Feature Names After Preprocessing:
------------------------------
Total number of features: 45
['num__SeniorCitizen' 'num__tenure' 'num__MonthlyCharges'
 'num__TotalCharges' 'cat__gender_Female' 'cat__gender_Male'
 'cat__Partner_No' 'cat__Partner_Yes' 'cat__Dependents_No'
 'cat__Dependents_Yes' 'cat__PhoneService_No' 'cat__PhoneService_Yes'
 'cat__MultipleLines_No' 'cat__MultipleLines_No phone service'
 'cat__MultipleLines_Yes' 'cat__InternetService_DSL'
 'cat__InternetService_Fiber optic' 'cat__InternetService_No'
 'cat__OnlineSecurity_No' 'cat__OnlineSecurity_No internet service'
 'cat__OnlineSecurity_Yes' 'cat__OnlineBackup_No'
 'cat__OnlineBackup_No internet service' 'cat__OnlineBackup_Yes'
 'cat__DeviceProtection_No' 'cat__DeviceProtection_No internet service'
 'cat__DeviceProtection_Yes' 'cat__TechSupport_No'
 'cat__TechSupport_No internet service' 'cat__TechSupport_Yes'
 'cat__StreamingTV_No' 'cat__StreamingTV_No internet service'
 'cat__StreamingTV_Yes' 'cat__StreamingMovies_No

In [12]:
# Saving Preprocessed Outputs
np.save("../data/X_train_processed.npy", X_train_processed)
np.save("../data/X_test_processed.npy", X_test_processed)
np.save("../data/y_train.npy", y_train.values)
np.save("../data/y_test.npy", y_test.values)

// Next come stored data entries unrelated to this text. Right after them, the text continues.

(* Let $G$ be a graph with $m=|E(G)|$ edges, and let $(G',L,\alpha,\beta)$ be constructed from $G$ as described in the context. If $G$ is 3-colorable, then there exists an $L$-recoloring sequence for $G'$ from $\alpha$ to $\beta$ of length at most $c\cdot(m+1)$, where $c$ is an absolute constant.
   Context: A color list assignment $L$ gives each vertex a list $L(v)\subseteq[4]=\{1,2,3,4\}$. An $L$-coloring is a proper coloring $\gamma$ with $\gamma(v)\in L(v)$ for all $v$. $\mathcal{C}(G,L)$ is the graph on $L$-colorings, two adjacent iff they differ on exactly one vertex; an $L$-recoloring sequence of length $m$ is a sequence $\gamma_0,\ldots,\gamma_m$ of $L$-colorings with consecutive ones equal or adjacent in $\mathcal{C}(G,L)$. $(a,b)$-forbidding path: for $a,b\in[4]$, a path $P$ with lists $L(x)\subseteq[4]$ and end vertices $u,v$ is $(a,b)$-forbidding from $u$ to $v$ if (i) for all $x\in L(u)$, $y\in L(v)$, there is an $L$-coloring $\gamma$ of $P$ with $\gamma(u)=x,\gamma(v)=y$ iff $x\ne a$ or $y\ne b$ (such $(x,y)$ are called admissible); and (ii) for any $L$-coloring $\gamma$ of $P$ and any admissible $(x,y)$ with $x=\gamma(u)$ or $y=\gamma(v)$, there is an $L$-recoloring sequence of $P$ from $\gamma$ to an $L$-coloring $\delta$ with $\delta(u)=x,\delta(v)=y$ in which each internal vertex is recolored at most once and $u,v$ are not recolored until the last step. Such paths of length six exist whenever $L(u),L(v)\ne[4]$, $a\in L(u)$, $b\in L(v)$. Construction of $G'$: start with $V(G)$ (no edges among these), each $u\in V(G)$ with $L(u)=\{1,2,3\}$, $\alpha(u)=1$. For every edge $uv\in E(G)$ (with a fixed orientation $u,v$), add new vertices $x_{uv},y_{uv},z_{uv}$ with $\alpha$-value $4$ each and $L(x_{uv})=\{1,2,4\}$, $L(y_{uv})=\{3,4\}$, $L(z_{uv})=\{1,2,4\}$; add edges $ux_{uv}$, $uy_{uv}$; and add (each with its own new internal vertices, each of length six) a $(1,2)$-forbidding and a $(3,1)$-forbidding path from $u$ to $x_{uv}$, a $(2,3)$-forbidding path from $u$ to $y_{uv}$, a $(2,1)$-forbidding and a $(3,2)$-forbidding path from $v$ to $x_{uv}$, a $(1,3)$-forbidding path from $v$ to $y_{uv}$, a $(4,1)$-forbidding path from $x_{uv}$ to $z_{uv}$, and a $(4,2)$-forbidding path from $y_{uv}$ to $z_{uv}$. Let $Z=\{z_{uv}\mid uv\in E(G)\}$. Add vertices $a,b,c,d$ with $\alpha(a)=1,\alpha(b)=2,\alpha(c)=3,\alpha(d)=4$, $L(a)=\{1,2,3\}$, $L(b)=\{1,2\}$, $L(c)=\{3,4\}$, $L(d)=\{4\}$, all edges among $a,b,c,d$ except $cd$, and edges from every vertex of $Z$ to $c$. Extend $\alpha$ arbitrarily to an $L$-coloring of all internal vertices of the forbidding paths (possible since the end colors are admissible). Set $\beta(w)=\alpha(w)$ for all $w\ne a,b$, $\beta(a)=2$, $\beta(b)=1$. *)

theory Defs
  imports Main
begin
(* If the radius of convergence of $G(t)=\sum_{k\ge0}\mu_k t^k$ is strictly smaller than $q/(1-q)$, then the parking process is supercritical.
   Context: Fix $q\in(1/2,1)$. Let $\mathcal T$ be a Bienaymé–Galton–Watson plane tree rooted at $\varnothing$ with geometric offspring distribution $\nu(k)=q^k(1-q)$, $k\ge 0$. Let $\mu$ be a probability law on $\{0,1,2,\dots\}$ with $\mu(\{0,1\})<1$, $\mu_k=\mu(\{k\})$. Conditionally on $\mathcal T$, let $(A_u)_{u\in\mathcal T}$ be i.i.d. with law $\mu$ (numbers of cars arriving at the vertices). Parking rule: each vertex can hold at most one car; each car goes to its arrival vertex, parks there if free, otherwise drives towards the root and parks at the first free vertex on its way; if none, it exits through the root. For $n\ge0$, park only the cars arriving at vertices of height at most $n$ and let $X_n(u)$ be the number of cars visiting $u$; $X(u)=\lim_n X_n(u)\in\{0,1,\dots\}\cup\{\infty\}$, $X:=X(\varnothing)$. The parking process is subcritical if $X<\infty$ a.s. and supercritical otherwise. *)

theory Defs
  imports "HOL-Probability.Probability"
begin

text \<open>Vertices are Ulam-Harris words (nat lists); the root is the empty list and the
children of u are u @ [i]. A sample point w assigns to every word u a pair
(number of children K u, number of arriving cars A u). The GW tree consists of the words
u = [i1,...,ik] with i(j+1) < K [i1,...,ij] for all j.\<close>

text \<open>park_visits d w u = number of cars visiting u when only cars arriving at vertices of the
subtree of u within distance d from u are parked. A car leaves the subtree of a child v of u
(and hence visits u) iff it visits v and v is already occupied, so the flow from v to u is
max(X(v)-1,0) (truncated subtraction on nat).\<close>
fun park_visits :: "nat \<Rightarrow> (nat list \<Rightarrow> nat \<times> nat) \<Rightarrow> nat list \<Rightarrow> nat" where
  "park_visits 0 w u = snd (w u)"
| "park_visits (Suc d) w u =
     snd (w u) + (\<Sum>i<fst (w u). park_visits d w (u @ [i]) - 1)"

definition X_n :: "nat \<Rightarrow> (nat list \<Rightarrow> nat \<times> nat) \<Rightarrow> nat" where
  "X_n n w = park_visits n w []"

text \<open>X = lim X_n (X_n is nondecreasing in n, so the limit is the supremum).\<close>
definition X_root :: "(nat list \<Rightarrow> nat \<times> nat) \<Rightarrow> enat" where
  "X_root w = (SUP n. enat (X_n n w))"

definition parking_space :: "nat pmf \<Rightarrow> nat pmf \<Rightarrow> (nat list \<Rightarrow> nat \<times> nat) measure" where
  "parking_space nu mu = (\<Pi>\<^sub>M u\<in>(UNIV :: nat list set). measure_pmf (pair_pmf nu mu))"

definition supercritical :: "nat pmf \<Rightarrow> nat pmf \<Rightarrow> bool" where
  "supercritical nu mu \<longleftrightarrow> \<not> (AE w in parking_space nu mu. X_root w < \<infinity>)"

end

theory Submission
  imports Defs
begin

text \<open>
Call a configuration (n, L)-sparse if every vertex at height j \<le> n receives fewer than L + j cars.
If it is not, some vertex at height j receives at least L + j cars; each of the j vertices below the
root on its path keeps at most one of them, so at least L of them visit the root. By independence of
the root and its subtrees, the probability p n L of sparseness satisfies
p (n + 1) L \<le> G\<nu>(p n (L + 1)), with G\<nu> the generating function of \<nu>. For the geometric law
this becomes the linear recursion 1 / (1 - p (n + 1) L) \<le> c / (1 - p n (L + 1)) + 1 with
c = (1 - q) / q < 1. Hence 1 - p n L \<ge> \<delta> > 0 whenever \<mu>(L + n) \<ge> c ^ n, and a radius of
convergence below 1 / c provides such an n for every L. So X \<ge> L with probability at least \<delta>
for every L.
\<close>

definition subtree :: "nat \<Rightarrow> (nat list \<Rightarrow> nat \<times> nat) \<Rightarrow> (nat list \<Rightarrow> nat \<times> nat)" where
  "subtree i w = (\<lambda>v. w (i # v))"

fun sparse :: "nat \<Rightarrow> nat \<Rightarrow> (nat list \<Rightarrow> nat \<times> nat) \<Rightarrow> bool" where
  "sparse 0 L w \<longleftrightarrow> snd (w []) < L"
| "sparse (Suc n) L w \<longleftrightarrow> snd (w []) < L \<and> (\<forall>i < fst (w []). sparse n (Suc L) (subtree i w))"

lemma park_visits_Cons: "park_visits d w (i # u) = park_visits d (subtree i w) u"
  by (induction d arbitrary: u) (simp_all add: subtree_def)

lemma cars_le_X_n: "snd (w []) \<le> X_n n w"
  by (cases n) (simp_all add: X_n_def)

lemma X_n_subtree_le:
  assumes "i < fst (w [])"
  shows "X_n n (subtree i w) - 1 \<le> X_n (Suc n) w"
proof -
  have "X_n n (subtree i w) - 1 = park_visits n w [i] - 1"
    by (simp add: X_n_def park_visits_Cons)
  also have "\<dots> \<le> (\<Sum>j<fst (w []). park_visits n w [j] - 1)"
    by (rule member_le_sum) (use assms in auto)
  also have "\<dots> = X_n (Suc n) w - snd (w [])"
    by (simp add: X_n_def)
  finally show ?thesis by simp
qed

lemma X_n_ge_if_not_sparse: "\<not> sparse n L w \<Longrightarrow> L \<le> X_n n w"
proof (induction n arbitrary: L w)
  case 0
  then show ?case using cars_le_X_n[of w 0] by simp
next
  case (Suc n)
  show ?case
  proof (cases "snd (w []) < L")
    case False
    then show ?thesis using cars_le_X_n[of w "Suc n"] by simp
  next
    case True
    then obtain i where i: "i < fst (w [])" "\<not> sparse n (Suc L) (subtree i w)"
      using Suc.prems by auto
    then show ?thesis using Suc.IH[OF i(2)] X_n_subtree_le[of i w n, OF i(1)] by linarith
  qed
qed

lemma X_root_ge_if_not_sparse: "\<not> sparse n L w \<Longrightarrow> enat L \<le> X_root w"
  unfolding X_root_def by (meson SUP_upper2 UNIV_I X_n_ge_if_not_sparse enat_ord_simps(1))

lemma sparse_Suc_threshold: "sparse n L w \<Longrightarrow> sparse n (Suc L) w"
  by (induction n arbitrary: L w) auto

lemma prob_space_parking_space: "prob_space (parking_space nu mu)"
  by (simp add: parking_space_def prob_space_PiM prob_space_measure_pmf)

lemma space_parking_space [simp]: "space (parking_space nu mu) = UNIV"
  by (simp add: parking_space_def space_PiM)

lemma measurable_coordinate:
  "(\<lambda>w. w v) \<in> measurable (parking_space nu mu) (measure_pmf (pair_pmf nu mu))"
  unfolding parking_space_def by measurable
(* Let $X$ be a finite group with $|X|=n$ and let $S\subseteq X$ be a generating set with $|S|=d$ and $S^{-1}=S$. Let $G$ be the Cayley graph $(X,S)$, and suppose $G$ is not bipartite. Assume $\beta(G)<\tfrac{1}{16d}$. Then $$h(G)\leq \frac{100\,\beta(G)}{1-16d\,\beta(G)}.$$
   Context: The Cayley graph $(X,S)$ has vertex set $X$ and edges $g\sim gs$ for all $g\in X$, $s\in S$; it is $d$-regular. For $A,B\subseteq X$, $e(A,B)$ is the number of ordered pairs $(a,b)\in A\times B$ with $a\sim b$. For $A\subseteq X$, $\partial(A)$ is the set of edges with exactly one endpoint in $A$. The edge Cheeger constant is $h(G)=\min\{|\partial(A)|/(d|A|) : A\subseteq X,\ 0<|A|\le n/2\}$. For disjoint $L,R\subseteq X$ with $L\cup R\ne\emptyset$, $b(L,R)=\dfrac{e(L,L)+e(R,R)+|\partial(L\cup R)|}{d\,|L\cup R|}$, and the bipartiteness constant is $\beta(G)=\min_{L,R}b(L,R)$ over all such pairs. *)

theory Defs
  imports Complex_Main "HOL-Algebra.Generated_Groups"
begin

definition cay_adj :: "('a, 'b) monoid_scheme \<Rightarrow> 'a set \<Rightarrow> 'a \<Rightarrow> 'a \<Rightarrow> bool" where
  "cay_adj G S g h \<longleftrightarrow> g \<in> carrier G \<and> (\<exists>s\<in>S. h = g \<otimes>\<^bsub>G\<^esub> s)"

definition e_count :: "('a, 'b) monoid_scheme \<Rightarrow> 'a set \<Rightarrow> 'a set \<Rightarrow> 'a set \<Rightarrow> nat" where
  "e_count G S A B = card {(a, b). a \<in> A \<and> b \<in> B \<and> cay_adj G S a b}"

definition cay_edges :: "('a, 'b) monoid_scheme \<Rightarrow> 'a set \<Rightarrow> 'a set set" where
  "cay_edges G S = {{a, b} | a b. cay_adj G S a b}"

print("Preprocessed datasets saved successfully:")
print(" - X_train_processed.npy")
print(" - X_test_processed.npy")
print(" - y_train.npy")
print(" - y_test.npy")

Preprocessed datasets saved successfully:
 - X_train_processed.npy
 - X_test_processed.npy
 - y_train.npy
 - y_test.npy


In [13]:
np.save("../data/feature_names.npy", feature_names)
print(f"Feature names saved successfully.")

print("Preprocessed Training Data Summary:")
print(f"Number of samples: {X_train_processed.shape[0]}")
print(f"Number of features: {X_train_processed.shape[1]}")


Feature names saved successfully.
Preprocessed Training Data Summary:
Number of samples: 5625
Number of features: 45


### Preprocessing Summary

- Converted TotalCharges to numeric and removed invalid entries.
- Encoded churn as a binary target variable.
- Performed a stratified train-test split to preserve class imbalance.
- Applied feature-type-specific preprocessing using ColumnTransformer:
  - StandardScaler for numerical features
  - OneHotEncoder for categorical features
- Fitted preprocessing only on training data to prevent data leakage.